REQUIRED WORK:
Will you quote precisely the lines that run from the top of the material below to the line containing "proof (rule inj_onI)", both ends included?

——

lemma tiles_locally_finite: "finite {T \<in> range tile. T \<inter> ball x 1 \<noteq> {}}"
proof -
  define B where "B = \<lceil>(real d + 1) * (norm x + 2)\<rceil>"
  define scaled where "scaled m = (\<lambda>i. (int d + 1) * m i - tail_sum m (Suc (\<iota> i)))" for m
  have corner_scaled_eq: "corner m i = of_int (scaled m i) / (real d + 1)" for m i
    using corner_scaled[of m i] unfolding scaled_def by (simp add: field_simps)
  define M where "M = {m. tile m \<inter> ball x 1 \<noteq> {}}"
  have "inj_on scaled M"
  proof (rule inj_onI)
    fix m m' assume "scaled m = scaled m'"
    then have "corner m = corner m'" by (simp add: corner_scaled_eq fun_eq_iff)
    then have "tile m = tile m'" unfolding tile_def by simp
    then show "m = m'" by (rule injD[OF inj_tile])
  qed
  moreover have "scaled m i \<in> {-B..B}" if "m \<in> M" for m i
  proof -
    from \<open>m \<in> M\<close>
    obtain y where y: "y \<in> tile m" "dist x y < 1" unfolding M_def by auto
    have "\<bar>x $ i - y $ i\<bar> \<le> dist x y" "\<bar>x $ i\<bar> \<le> norm x"
      using component_le_norm_cart[of "x - y" i] component_le_norm_cart[of x i]
      by (simp_all add: dist_norm)
    moreover have "corner m i \<le> y $ i" "y $ i \<le> corner m i + 1"
      using y(1) by (simp_all add: mem_tile)
    ultimately have "\<bar>corner m i\<bar> \<le> norm x + 2" using y(2) by linarith
    then have "\<bar>(real d + 1) * corner m i\<bar> \<le> (real d + 1) * (norm x + 2)"
      by (simp add: abs_mult)
    also have "\<dots> \<le> of_int B" unfolding B_def by (rule le_of_int_ceiling)
    finally have "\<bar>scaled m i\<bar> \<le> B"
      unfolding scaled_def corner_scaled by linarith
    then show "scaled m i \<in> {-B..B}" by auto
  qed
  then have "scaled ` M \<subseteq> PiE UNIV (\<lambda>_. {-B..B})" by (auto simp: PiE_UNIV_domain)
  ultimately have "finite M" by (rule inj_on_finite) (simp add: finite_PiE)
  moreover have "{T \<in> range tile. T \<inter> ball x 1 \<noteq> {}} = tile ` M"
    unfolding M_def by auto
  ultimately show ?thesis by simp
qed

——

RESPONSE AREA:
lemma tiles_locally_finite: "finite {T \<in> range tile. T \<inter> ball x 1 \<noteq> {}}"
proof -
  define B where "B = \<lceil>(real d + 1) * (norm x + 2)\<rceil>"
  define scaled where "scaled m = (\<lambda>i. (int d + 1) * m i - tail_sum m (Suc (\<iota> i)))" for m
  have corner_scaled_eq: "corner m i = of_int (scaled m i) / (real d + 1)" for m i
    using corner_scaled[of m i] unfolding scaled_def by (simp add: field_simps)
  define M where "M = {m. tile m \<inter> ball x 1 \<noteq> {}}"
  have "inj_on scaled M"
  proof (rule inj_onI)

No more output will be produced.